Loin du « greenwashing », ces économies – réelles – sont dues à un ensemble d’innovations qui ont permis d’alléger les trains ces dernières décennies, tant au niveau structurel que par la compacité des nouvelles chaînes de traction, du fait de l’évolution de l’électronique de puissance. Ceci alors que la récupération de l’énergie de freinage a bien progressé, mais pourrait progresser encore avec l’évolution des batteries et des condensateurs, les nouvelles sous-stations électriques réversibles ou l’écoconduite citée plus haut. Car moins de cycles décélération-accélération sur un très grand nombre de trains permettraient de réaliser des économies considérables, auxquelles devraient contribuer l’automatisation de la marche des trains ou du moins la généralisation de dispositifs d’aide à la conduite, le tout associé à un système de signalisation fluidifiant le transit ferroviaire, comme ERTMS.
Ajoutons que dans le domaine du confort dans les trains, la généralisation des LED depuis une vingtaine d’années a divisé par 8 à 10 la consommation d’énergie dans l’éclairage intérieur des trains et sur les signaux lumineux.

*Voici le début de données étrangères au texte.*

(* Deciding whether a normal finitely recursive program $P$ skeptically entails a ground formula $F$ is r.e.-hard.
   Context: A normal program is a finite set of rules $A\leftarrow L_1,\dots,L_n$ ($n\ge0$), $A$ an atom, $L_i$ atoms or negated atoms $\mathtt{not}\,B$, possibly with function symbols. $\mathsf{Ground}(P)$ is its ground instantiation. For a set $M$ of ground atoms, $P^M$ is obtained from $\mathsf{Ground}(P)$ by deleting rules having some $\mathtt{not}\,B$ in the body with $B\in M$ and deleting negative literals from the remaining rules; $M$ is a stable model iff $M$ is the least Herbrand model of $P^M$. A ground formula is a closed propositional combination of ground atoms; $P$ skeptically entails $F$ iff $F$ is true in every stable model of $P$. The dependency graph has ground atoms as vertices and an edge $A\to B$ whenever some $r\in\mathsf{Ground}(P)$ has head $A$ and $B$ occurring in its body; $A$ depends on $B$ if there is a directed path from $A$ to $B$ (every atom depends on itself). $P$ is finitely recursive iff each ground atom depends on finitely many ground atoms. r.e.-hard means every recursively enumerable set is many-one reducible to the set of pairs $(P,F)$ with $P$ normal finitely recursive skeptically entailing $F$. *)

theory Defs
  imports Main "HOL-Library.Nat_Bijection"
begin

datatype recf = Zero | Succ | Proj nat | Comp recf "recf list" | Prim recf recf | Mn recf

inductive eval :: "recf \<Rightarrow> nat list \<Rightarrow> nat \<Rightarrow> bool" where
  eval_Zero: "eval Zero xs 0"
| eval_Succ: "eval Succ (x # xs) (Suc x)"
| eval_Proj: "i < length xs \<Longrightarrow> eval (Proj i) xs (xs ! i)"
| eval_Comp: "list_all2 (\<lambda>g y. eval g xs y) gs ys \<Longrightarrow> eval f ys z \<Longrightarrow> eval (Comp f gs) xs z"
| eval_Prim0: "eval f xs y \<Longrightarrow> eval (Prim f g) (0 # xs) y"
| eval_PrimS: "eval (Prim f g) (n # xs) y \<Longrightarrow> eval g (n # y # xs) z \<Longrightarrow> eval (Prim f g) (Suc n # xs) z"
| eval_Mn: "eval f (y # xs) 0 \<Longrightarrow> (\<forall>z<y. \<exists>v. eval f (z # xs) v \<and> 0 < v) \<Longrightarrow> eval (Mn f) xs y"

definition computable :: "(nat \<Rightarrow> nat) \<Rightarrow> bool" where
  "computable f \<longleftrightarrow> (\<exists>r. \<forall>x. eval r [x] (f x))"

definition rec_enum :: "nat set \<Rightarrow> bool" where
  "rec_enum A \<longleftrightarrow> (\<exists>r. \<forall>x. x \<in> A \<longleftrightarrow> (\<exists>y. eval r [x] y))"

datatype "term" = Var nat | Fn nat "term list"

datatype atom = Atom nat "term list"

datatype lit = Pos atom | Neg atom

datatype rule = Rule atom "lit list"

type_synonym program = "rule list"

datatype fmla = FAtom atom | FTrue | FFalse | FNot fmla | FAnd fmla fmla | FOr fmla fmla
  | FImp fmla fmla | FIff fmla fmla

fun head :: "rule \<Rightarrow> atom" where "head (Rule h b) = h"
fun body :: "rule \<Rightarrow> lit list" where "body (Rule h b) = b"
fun lit_atom :: "lit \<Rightarrow> atom" where "lit_atom (Pos a) = a" | "lit_atom (Neg a) = a"

fun term_funs :: "term \<Rightarrow> (nat \<times> nat) set" where
  "term_funs (Var x) = {}"
| "term_funs (Fn f ts) = insert (f, length ts) (\<Union>t\<in>set ts. term_funs t)"

fun atom_funs :: "atom \<Rightarrow> (nat \<times> nat) set" where
  "atom_funs (Atom p ts) = (\<Union>t\<in>set ts. term_funs t)"

fun rule_funs :: "rule \<Rightarrow> (nat \<times> nat) set" where
  "rule_funs (Rule h b) = atom_funs h \<union> (\<Union>l\<in>set b. atom_funs (lit_atom l))"

text \<open>Function symbols (with arities) of the language of P; as usual, if P contains no
  constant an arbitrary constant (symbol 0) is added.\<close>
definition signature :: "program \<Rightarrow> (nat \<times> nat) set" where
  "signature P = (let S = (\<Union>r\<in>set P. rule_funs r) in
     if (\<exists>c. (c, 0) \<in> S) then S else insert (0, 0) S)"

inductive_set herbrand_universe :: "program \<Rightarrow> term set" for P where
  "(f, length ts) \<in> signature P \<Longrightarrow> (\<forall>t\<in>set ts. t \<in> herbrand_universe P)
     \<Longrightarrow> Fn f ts \<in> herbrand_universe P"

fun subst_term :: "(nat \<Rightarrow> term) \<Rightarrow> term \<Rightarrow> term" where
  "subst_term \<sigma> (Var x) = \<sigma> x"
| "subst_term \<sigma> (Fn f ts) = Fn f (map (subst_term \<sigma>) ts)"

En même temps, l’amélioration du chauffage en hiver et la récente généralisation de la climatisation sont a priori énergivores. Mais sur ces points, les dernières générations de trains ont fait de grands progrès avec l’installation de capteurs permettant de connaître le nombre de voyageurs (par exemple par mesure du CO2 émis par leur respiration) afin d’adapter la climatisation au plus juste, sans perte de confort thermique…
Tous ces points font que les nouvelles générations de trains sont déjà susceptibles de permettre des économies substantielles, d’autant plus que les calculs basés sur le cycle de vie du matériel, en tenant compte du coût de possession, peut amener les propriétaires de parcs à remplacer les matériels roulants trop gourmands, donc trop onéreux à la longue, par des matériels moins chers à l’emploi.